AIM OF THE EXERCISE » Find the lines below in which the string "assoc" occurs. Copy each one.

MATERIAL PROVIDED »

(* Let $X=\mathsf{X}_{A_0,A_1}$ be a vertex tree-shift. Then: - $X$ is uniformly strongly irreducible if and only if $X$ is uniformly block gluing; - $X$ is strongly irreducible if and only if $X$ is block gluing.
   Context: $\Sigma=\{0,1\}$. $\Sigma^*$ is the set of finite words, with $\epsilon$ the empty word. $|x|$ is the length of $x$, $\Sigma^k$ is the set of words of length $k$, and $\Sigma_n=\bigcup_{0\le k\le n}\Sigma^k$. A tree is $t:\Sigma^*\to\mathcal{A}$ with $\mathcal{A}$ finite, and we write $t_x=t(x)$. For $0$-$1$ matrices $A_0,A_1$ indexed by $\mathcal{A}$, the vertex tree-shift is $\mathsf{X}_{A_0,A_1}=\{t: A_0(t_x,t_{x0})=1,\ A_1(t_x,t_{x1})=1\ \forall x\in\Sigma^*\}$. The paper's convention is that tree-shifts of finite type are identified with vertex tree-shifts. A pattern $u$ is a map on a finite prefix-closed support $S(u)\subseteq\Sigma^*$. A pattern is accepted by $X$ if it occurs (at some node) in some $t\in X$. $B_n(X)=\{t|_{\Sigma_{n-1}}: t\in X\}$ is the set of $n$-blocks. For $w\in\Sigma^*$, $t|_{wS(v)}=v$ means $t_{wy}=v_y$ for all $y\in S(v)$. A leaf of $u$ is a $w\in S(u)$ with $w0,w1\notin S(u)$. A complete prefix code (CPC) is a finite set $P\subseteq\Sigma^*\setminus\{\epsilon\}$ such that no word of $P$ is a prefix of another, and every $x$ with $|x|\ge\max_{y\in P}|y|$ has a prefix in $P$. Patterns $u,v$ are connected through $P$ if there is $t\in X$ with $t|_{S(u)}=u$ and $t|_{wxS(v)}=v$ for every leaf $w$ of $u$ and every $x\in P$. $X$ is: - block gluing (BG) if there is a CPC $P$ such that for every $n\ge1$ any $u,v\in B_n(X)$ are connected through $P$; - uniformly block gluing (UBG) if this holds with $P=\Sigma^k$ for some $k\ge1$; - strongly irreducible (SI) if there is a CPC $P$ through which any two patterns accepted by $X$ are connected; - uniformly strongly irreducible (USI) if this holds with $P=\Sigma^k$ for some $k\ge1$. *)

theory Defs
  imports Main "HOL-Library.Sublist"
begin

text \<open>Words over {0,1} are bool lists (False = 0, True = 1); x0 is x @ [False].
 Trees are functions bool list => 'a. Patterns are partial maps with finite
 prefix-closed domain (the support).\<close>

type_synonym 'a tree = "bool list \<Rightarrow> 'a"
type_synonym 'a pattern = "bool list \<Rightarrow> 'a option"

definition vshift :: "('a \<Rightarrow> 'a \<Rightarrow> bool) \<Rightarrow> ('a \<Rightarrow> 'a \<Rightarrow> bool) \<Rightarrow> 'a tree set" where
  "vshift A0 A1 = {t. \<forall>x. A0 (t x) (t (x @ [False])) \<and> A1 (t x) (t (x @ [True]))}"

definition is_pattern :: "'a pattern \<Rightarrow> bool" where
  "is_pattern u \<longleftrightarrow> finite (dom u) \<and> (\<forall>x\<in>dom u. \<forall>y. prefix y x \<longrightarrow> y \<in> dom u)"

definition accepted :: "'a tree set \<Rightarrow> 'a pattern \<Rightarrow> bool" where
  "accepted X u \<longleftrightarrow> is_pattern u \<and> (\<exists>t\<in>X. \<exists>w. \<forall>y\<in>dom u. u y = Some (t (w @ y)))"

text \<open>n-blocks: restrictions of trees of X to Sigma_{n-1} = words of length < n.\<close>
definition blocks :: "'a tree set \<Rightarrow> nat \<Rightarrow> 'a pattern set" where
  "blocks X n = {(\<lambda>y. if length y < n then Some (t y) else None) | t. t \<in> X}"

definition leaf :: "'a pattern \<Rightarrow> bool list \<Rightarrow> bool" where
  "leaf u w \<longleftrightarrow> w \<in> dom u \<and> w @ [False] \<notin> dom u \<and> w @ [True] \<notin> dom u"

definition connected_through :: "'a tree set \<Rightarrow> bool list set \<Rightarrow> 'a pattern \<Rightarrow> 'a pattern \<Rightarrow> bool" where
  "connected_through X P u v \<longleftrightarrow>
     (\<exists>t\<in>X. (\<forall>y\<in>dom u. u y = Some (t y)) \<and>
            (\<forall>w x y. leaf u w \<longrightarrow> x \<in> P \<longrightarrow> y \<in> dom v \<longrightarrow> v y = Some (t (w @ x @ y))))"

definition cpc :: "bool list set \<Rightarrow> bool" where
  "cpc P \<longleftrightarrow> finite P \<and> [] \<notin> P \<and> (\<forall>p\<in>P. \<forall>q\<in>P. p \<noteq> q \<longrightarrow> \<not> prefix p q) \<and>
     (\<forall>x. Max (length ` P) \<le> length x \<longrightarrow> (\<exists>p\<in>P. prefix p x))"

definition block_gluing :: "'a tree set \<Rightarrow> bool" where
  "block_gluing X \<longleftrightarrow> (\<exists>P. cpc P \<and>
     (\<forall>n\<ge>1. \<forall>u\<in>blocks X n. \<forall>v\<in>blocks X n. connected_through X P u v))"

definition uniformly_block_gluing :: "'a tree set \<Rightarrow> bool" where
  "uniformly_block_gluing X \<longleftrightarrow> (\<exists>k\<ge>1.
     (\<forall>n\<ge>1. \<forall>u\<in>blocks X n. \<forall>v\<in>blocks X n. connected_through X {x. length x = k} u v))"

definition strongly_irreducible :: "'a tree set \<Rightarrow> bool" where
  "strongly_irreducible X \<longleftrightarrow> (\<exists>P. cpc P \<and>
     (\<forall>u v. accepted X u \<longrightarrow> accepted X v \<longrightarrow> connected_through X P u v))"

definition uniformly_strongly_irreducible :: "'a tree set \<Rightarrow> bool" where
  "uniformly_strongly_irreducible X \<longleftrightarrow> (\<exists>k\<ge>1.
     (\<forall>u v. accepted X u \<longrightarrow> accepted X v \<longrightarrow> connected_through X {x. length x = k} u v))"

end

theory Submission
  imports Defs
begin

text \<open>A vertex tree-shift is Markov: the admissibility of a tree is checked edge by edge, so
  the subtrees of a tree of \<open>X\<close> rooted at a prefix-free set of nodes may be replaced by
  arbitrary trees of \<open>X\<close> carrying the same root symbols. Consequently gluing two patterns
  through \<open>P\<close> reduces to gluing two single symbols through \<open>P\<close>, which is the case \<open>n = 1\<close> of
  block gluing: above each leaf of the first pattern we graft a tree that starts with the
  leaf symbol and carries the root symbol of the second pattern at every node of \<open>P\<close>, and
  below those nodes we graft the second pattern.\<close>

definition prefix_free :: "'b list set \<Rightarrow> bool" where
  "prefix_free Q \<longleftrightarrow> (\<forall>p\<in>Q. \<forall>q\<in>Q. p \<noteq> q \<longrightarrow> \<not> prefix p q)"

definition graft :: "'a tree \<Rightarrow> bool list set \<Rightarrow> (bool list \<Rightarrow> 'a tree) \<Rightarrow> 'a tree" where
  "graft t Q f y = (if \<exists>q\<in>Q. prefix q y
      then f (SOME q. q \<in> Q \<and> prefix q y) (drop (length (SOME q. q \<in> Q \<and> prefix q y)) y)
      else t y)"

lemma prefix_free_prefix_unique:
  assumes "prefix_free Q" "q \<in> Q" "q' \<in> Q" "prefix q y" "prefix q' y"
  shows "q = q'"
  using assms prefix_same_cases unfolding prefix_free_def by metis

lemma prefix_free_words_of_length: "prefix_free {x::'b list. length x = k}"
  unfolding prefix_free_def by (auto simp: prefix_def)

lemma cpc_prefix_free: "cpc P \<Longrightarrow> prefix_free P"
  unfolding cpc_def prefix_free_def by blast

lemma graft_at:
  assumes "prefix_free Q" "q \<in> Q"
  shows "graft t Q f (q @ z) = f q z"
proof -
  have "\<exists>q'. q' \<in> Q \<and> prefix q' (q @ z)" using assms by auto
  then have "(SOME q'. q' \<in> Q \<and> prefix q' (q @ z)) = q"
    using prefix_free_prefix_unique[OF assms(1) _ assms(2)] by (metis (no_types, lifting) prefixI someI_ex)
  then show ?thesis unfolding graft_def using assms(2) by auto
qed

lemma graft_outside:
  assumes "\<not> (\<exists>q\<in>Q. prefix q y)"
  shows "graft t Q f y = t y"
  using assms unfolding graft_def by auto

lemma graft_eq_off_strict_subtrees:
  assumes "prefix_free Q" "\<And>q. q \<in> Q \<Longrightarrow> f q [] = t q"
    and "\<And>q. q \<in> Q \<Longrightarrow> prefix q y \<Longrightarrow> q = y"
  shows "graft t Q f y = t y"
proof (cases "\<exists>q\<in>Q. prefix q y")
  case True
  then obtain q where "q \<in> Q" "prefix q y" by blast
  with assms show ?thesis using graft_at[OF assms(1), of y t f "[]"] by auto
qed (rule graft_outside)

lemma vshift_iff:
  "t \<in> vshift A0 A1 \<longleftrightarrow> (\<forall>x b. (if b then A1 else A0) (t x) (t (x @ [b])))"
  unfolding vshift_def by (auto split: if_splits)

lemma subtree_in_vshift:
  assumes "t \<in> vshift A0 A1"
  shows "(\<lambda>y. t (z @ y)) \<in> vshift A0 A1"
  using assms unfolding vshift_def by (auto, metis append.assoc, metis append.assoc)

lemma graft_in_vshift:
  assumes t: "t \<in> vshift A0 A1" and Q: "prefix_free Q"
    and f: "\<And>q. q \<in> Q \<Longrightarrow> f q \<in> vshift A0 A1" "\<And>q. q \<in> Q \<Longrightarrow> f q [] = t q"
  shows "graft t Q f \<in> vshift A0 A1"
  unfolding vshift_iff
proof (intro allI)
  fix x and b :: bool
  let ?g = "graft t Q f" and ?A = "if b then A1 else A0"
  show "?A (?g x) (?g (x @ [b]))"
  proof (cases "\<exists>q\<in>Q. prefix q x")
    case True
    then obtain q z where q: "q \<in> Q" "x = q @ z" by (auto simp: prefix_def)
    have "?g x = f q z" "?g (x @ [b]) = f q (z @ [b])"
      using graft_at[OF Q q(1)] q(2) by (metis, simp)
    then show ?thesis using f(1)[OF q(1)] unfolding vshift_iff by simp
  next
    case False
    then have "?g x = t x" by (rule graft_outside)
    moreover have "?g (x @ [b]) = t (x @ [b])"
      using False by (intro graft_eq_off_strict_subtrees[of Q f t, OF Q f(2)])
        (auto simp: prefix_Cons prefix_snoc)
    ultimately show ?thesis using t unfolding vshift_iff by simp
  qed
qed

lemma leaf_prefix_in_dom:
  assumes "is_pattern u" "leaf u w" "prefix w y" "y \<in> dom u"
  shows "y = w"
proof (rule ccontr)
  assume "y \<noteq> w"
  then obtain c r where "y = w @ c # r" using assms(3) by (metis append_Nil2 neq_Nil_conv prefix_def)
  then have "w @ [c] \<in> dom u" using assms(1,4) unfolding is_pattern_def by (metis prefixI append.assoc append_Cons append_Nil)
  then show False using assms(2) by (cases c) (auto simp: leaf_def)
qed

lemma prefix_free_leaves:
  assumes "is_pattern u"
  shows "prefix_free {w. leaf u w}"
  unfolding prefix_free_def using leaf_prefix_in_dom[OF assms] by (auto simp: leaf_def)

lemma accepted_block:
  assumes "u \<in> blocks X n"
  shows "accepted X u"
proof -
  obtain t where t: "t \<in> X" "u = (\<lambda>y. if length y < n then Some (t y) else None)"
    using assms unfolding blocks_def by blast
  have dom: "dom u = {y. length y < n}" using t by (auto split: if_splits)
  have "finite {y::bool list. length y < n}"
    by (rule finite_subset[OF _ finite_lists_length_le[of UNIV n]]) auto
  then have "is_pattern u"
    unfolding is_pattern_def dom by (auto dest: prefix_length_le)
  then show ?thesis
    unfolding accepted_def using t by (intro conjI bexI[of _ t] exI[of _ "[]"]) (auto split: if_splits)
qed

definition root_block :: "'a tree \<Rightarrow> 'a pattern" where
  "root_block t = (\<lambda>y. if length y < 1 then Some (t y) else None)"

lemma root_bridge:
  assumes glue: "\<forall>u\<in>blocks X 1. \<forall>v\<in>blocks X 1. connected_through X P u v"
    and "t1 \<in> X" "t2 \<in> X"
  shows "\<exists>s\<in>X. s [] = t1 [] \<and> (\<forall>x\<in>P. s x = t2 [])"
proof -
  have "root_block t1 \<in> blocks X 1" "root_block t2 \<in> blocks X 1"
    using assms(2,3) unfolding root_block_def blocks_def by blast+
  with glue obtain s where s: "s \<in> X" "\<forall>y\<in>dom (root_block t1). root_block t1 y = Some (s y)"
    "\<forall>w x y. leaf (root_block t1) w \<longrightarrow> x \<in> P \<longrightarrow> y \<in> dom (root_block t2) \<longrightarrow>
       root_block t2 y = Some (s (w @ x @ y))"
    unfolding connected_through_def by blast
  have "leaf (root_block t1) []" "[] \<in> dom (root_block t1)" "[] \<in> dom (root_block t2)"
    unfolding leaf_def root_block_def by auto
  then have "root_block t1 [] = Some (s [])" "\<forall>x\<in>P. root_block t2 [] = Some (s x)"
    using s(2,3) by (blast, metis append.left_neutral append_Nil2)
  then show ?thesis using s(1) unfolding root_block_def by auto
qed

RESPONSE TO THE EXERCISE »
  using assms unfolding vshift_def by (auto, metis append.assoc, metis append.assoc)
  then have "w @ [c] \<in> dom u" using assms(1,4) unfolding is_pattern_def by (metis prefixI append.assoc append_Cons append_Nil)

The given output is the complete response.